◆ WHAT THE TASK ASKS ◆
The line containing "using that cInf_lower[OF" marks the end: quote every line from the start of the records below through it, word for word.

[[ SOURCE INFORMATION, beginning ]]

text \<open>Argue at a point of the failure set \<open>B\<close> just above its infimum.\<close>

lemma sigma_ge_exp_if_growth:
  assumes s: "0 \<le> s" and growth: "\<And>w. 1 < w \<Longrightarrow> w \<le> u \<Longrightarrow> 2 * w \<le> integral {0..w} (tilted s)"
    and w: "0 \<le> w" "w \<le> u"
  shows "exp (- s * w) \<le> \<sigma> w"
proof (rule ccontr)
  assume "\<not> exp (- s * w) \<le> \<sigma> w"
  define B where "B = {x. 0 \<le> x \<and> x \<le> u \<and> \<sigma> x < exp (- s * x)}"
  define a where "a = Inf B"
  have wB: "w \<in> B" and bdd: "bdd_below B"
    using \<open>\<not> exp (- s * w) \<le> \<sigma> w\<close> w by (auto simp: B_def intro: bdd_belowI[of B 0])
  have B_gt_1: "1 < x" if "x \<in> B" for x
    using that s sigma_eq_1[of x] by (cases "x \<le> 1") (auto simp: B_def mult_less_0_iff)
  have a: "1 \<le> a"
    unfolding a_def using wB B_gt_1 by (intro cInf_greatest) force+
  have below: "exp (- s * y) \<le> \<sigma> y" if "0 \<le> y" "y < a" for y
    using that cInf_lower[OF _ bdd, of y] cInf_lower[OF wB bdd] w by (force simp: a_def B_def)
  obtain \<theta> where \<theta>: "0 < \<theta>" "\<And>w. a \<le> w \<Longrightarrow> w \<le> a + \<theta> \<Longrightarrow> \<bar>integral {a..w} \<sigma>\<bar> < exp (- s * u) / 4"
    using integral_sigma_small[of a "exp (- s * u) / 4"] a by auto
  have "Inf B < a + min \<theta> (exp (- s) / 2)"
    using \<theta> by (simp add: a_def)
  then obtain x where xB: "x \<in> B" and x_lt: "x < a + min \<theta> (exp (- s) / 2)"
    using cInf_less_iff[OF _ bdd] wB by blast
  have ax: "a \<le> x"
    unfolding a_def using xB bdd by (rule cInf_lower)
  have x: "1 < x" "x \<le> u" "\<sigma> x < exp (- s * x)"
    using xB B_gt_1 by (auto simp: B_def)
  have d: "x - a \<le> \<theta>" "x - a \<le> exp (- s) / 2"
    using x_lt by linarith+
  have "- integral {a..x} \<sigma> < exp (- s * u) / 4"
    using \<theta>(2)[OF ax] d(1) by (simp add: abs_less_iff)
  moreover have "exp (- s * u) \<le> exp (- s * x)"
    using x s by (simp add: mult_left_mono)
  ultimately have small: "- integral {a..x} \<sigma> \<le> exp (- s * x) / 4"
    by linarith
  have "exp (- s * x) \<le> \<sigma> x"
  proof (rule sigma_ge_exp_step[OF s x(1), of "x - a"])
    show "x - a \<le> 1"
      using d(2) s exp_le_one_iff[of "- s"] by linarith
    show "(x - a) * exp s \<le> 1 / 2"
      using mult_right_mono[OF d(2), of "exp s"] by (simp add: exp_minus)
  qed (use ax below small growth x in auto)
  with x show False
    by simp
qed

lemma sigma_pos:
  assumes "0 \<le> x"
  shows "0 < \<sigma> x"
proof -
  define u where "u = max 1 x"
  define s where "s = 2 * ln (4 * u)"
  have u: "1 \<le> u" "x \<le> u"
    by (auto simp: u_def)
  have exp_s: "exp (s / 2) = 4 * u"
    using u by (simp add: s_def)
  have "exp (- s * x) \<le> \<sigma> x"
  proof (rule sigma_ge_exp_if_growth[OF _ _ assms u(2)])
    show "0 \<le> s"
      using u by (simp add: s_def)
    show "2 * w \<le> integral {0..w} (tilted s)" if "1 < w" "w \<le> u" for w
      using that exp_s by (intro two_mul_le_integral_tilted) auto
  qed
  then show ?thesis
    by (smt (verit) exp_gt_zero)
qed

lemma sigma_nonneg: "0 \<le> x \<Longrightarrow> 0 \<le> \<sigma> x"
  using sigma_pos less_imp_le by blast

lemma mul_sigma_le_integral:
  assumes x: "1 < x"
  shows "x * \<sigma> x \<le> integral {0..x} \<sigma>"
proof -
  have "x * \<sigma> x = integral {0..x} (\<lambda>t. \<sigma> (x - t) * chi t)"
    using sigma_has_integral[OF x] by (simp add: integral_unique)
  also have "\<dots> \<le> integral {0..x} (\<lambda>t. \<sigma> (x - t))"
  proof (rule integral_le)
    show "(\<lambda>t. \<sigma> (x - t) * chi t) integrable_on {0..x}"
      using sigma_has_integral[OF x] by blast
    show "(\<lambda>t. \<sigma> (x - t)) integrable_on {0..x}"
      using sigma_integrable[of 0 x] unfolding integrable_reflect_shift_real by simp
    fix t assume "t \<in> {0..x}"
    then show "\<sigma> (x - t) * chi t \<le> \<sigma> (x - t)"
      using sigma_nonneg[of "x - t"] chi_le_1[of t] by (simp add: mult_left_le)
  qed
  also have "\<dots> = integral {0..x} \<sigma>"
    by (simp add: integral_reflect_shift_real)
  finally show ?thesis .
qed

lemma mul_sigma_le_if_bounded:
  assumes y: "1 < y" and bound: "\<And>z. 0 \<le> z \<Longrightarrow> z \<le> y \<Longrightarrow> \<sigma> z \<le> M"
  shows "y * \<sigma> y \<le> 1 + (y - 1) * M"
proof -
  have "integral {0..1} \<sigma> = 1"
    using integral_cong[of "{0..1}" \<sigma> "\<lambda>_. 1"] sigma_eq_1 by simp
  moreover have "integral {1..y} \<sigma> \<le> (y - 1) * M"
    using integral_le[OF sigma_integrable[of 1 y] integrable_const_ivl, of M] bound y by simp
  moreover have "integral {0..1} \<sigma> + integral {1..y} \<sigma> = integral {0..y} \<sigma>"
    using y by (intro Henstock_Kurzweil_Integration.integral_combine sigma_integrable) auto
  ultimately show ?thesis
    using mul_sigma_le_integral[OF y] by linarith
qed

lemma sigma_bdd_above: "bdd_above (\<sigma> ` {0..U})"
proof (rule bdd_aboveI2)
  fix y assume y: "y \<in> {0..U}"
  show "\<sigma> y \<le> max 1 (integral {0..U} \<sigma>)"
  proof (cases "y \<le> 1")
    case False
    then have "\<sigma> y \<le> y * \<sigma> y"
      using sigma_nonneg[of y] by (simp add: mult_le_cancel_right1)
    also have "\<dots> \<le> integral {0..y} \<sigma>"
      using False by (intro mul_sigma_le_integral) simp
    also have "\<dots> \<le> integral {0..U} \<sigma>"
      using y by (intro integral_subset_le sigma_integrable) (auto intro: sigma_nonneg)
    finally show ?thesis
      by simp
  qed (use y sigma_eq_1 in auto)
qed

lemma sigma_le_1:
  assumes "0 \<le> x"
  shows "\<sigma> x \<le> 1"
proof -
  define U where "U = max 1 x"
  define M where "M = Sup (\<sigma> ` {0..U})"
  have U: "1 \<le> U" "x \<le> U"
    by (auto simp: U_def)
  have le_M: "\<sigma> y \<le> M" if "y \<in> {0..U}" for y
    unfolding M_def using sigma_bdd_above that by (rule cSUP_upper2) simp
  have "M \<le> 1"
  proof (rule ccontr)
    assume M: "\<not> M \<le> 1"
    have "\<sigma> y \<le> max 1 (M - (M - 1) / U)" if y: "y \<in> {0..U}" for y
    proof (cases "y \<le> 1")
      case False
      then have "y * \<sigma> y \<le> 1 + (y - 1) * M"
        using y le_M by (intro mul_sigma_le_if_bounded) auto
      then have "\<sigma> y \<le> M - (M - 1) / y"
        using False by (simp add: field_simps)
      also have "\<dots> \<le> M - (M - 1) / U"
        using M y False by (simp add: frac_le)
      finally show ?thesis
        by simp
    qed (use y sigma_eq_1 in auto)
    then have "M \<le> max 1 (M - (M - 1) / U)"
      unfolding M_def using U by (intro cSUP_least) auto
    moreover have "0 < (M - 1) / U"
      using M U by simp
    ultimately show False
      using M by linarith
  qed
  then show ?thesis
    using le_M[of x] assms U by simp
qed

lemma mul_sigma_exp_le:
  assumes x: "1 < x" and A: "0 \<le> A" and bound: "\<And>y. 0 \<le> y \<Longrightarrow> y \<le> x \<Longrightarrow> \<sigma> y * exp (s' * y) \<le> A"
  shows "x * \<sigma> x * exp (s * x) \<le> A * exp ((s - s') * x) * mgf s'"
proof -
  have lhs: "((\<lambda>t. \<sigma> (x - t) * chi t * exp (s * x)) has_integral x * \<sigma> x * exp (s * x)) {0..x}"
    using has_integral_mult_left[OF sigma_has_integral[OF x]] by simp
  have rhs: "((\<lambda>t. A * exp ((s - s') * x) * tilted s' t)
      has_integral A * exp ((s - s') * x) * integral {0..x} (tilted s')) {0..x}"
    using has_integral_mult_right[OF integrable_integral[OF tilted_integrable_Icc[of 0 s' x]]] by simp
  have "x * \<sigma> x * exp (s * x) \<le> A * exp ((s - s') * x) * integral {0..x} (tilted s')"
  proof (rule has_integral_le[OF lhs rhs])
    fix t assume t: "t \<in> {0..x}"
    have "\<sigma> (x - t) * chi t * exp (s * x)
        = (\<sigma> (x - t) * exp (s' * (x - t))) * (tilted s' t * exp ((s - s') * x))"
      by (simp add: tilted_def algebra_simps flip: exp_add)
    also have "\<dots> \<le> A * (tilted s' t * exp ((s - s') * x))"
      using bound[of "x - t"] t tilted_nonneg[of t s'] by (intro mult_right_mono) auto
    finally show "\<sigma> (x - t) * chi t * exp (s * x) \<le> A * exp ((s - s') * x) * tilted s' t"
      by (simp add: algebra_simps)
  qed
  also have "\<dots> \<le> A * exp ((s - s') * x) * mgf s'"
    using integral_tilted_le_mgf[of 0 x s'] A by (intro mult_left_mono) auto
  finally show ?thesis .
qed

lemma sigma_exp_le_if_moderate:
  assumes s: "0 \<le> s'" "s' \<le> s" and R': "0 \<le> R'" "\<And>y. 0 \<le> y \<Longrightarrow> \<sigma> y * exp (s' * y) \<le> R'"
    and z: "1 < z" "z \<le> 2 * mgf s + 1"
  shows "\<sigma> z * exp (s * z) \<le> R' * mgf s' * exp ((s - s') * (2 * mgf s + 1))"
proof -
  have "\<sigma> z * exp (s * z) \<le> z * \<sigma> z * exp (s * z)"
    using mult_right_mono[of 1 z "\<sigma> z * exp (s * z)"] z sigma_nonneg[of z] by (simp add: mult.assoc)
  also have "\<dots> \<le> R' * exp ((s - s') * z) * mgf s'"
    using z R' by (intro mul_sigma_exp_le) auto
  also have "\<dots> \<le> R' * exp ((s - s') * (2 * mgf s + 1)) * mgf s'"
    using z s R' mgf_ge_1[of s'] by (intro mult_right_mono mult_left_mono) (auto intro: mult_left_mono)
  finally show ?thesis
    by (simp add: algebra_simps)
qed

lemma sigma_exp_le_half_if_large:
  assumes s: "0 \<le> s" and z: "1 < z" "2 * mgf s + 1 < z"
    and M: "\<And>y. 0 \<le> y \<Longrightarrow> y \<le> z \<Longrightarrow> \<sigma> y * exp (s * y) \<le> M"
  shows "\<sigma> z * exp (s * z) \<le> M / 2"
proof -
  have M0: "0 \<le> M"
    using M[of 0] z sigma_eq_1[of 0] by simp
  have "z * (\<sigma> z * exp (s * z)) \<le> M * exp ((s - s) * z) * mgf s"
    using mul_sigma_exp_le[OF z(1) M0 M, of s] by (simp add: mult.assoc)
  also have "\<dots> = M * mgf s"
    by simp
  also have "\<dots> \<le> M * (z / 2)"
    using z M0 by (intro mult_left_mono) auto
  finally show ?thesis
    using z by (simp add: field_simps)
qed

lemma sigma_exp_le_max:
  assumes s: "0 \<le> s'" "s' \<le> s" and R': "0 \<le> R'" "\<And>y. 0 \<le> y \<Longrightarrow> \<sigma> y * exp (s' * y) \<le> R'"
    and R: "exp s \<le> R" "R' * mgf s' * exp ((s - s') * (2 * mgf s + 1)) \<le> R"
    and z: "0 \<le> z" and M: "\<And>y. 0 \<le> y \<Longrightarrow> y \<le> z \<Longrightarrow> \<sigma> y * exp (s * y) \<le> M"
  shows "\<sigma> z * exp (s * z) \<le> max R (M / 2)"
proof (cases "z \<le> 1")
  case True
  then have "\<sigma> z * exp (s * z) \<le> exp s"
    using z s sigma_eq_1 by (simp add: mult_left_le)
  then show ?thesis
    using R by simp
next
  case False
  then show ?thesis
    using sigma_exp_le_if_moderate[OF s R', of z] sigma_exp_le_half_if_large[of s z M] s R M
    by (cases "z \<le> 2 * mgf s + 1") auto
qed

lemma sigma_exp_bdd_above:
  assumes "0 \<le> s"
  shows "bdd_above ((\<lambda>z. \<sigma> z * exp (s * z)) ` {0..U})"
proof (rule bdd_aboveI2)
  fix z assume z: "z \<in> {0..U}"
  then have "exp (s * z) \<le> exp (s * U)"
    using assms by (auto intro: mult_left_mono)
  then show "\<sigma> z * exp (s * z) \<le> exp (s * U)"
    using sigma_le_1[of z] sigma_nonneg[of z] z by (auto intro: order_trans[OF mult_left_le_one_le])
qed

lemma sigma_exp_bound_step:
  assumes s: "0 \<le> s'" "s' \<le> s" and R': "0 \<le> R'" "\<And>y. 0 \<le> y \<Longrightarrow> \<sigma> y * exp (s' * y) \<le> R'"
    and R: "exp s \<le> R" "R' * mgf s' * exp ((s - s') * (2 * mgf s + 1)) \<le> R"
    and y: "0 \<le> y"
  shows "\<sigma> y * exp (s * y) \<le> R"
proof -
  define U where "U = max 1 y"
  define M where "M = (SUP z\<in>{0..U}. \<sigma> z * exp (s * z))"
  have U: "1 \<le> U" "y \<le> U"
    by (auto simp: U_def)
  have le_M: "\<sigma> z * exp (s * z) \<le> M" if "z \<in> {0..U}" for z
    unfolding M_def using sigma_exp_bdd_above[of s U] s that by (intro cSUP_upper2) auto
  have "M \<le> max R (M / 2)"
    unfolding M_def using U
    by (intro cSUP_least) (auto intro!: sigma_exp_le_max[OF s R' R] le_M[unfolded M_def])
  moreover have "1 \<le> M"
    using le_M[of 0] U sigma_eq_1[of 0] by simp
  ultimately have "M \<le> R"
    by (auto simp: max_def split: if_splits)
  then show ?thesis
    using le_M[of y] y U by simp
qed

[[ SOURCE INFORMATION, end ]]

◆ WRITTEN SOLUTION ◆
text \<open>Argue at a point of the failure set \<open>B\<close> just above its infimum.\<close>

lemma sigma_ge_exp_if_growth:
  assumes s: "0 \<le> s" and growth: "\<And>w. 1 < w \<Longrightarrow> w \<le> u \<Longrightarrow> 2 * w \<le> integral {0..w} (tilted s)"
    and w: "0 \<le> w" "w \<le> u"
  shows "exp (- s * w) \<le> \<sigma> w"
proof (rule ccontr)
  assume "\<not> exp (- s * w) \<le> \<sigma> w"
  define B where "B = {x. 0 \<le> x \<and> x \<le> u \<and> \<sigma> x < exp (- s * x)}"
  define a where "a = Inf B"
  have wB: "w \<in> B" and bdd: "bdd_below B"
    using \<open>\<not> exp (- s * w) \<le> \<sigma> w\<close> w by (auto simp: B_def intro: bdd_belowI[of B 0])
  have B_gt_1: "1 < x" if "x \<in> B" for x
    using that s sigma_eq_1[of x] by (cases "x \<le> 1") (auto simp: B_def mult_less_0_iff)
  have a: "1 \<le> a"
    unfolding a_def using wB B_gt_1 by (intro cInf_greatest) force+
  have below: "exp (- s * y) \<le> \<sigma> y" if "0 \<le> y" "y < a" for y
    using that cInf_lower[OF _ bdd, of y] cInf_lower[OF wB bdd] w by (force simp: a_def B_def)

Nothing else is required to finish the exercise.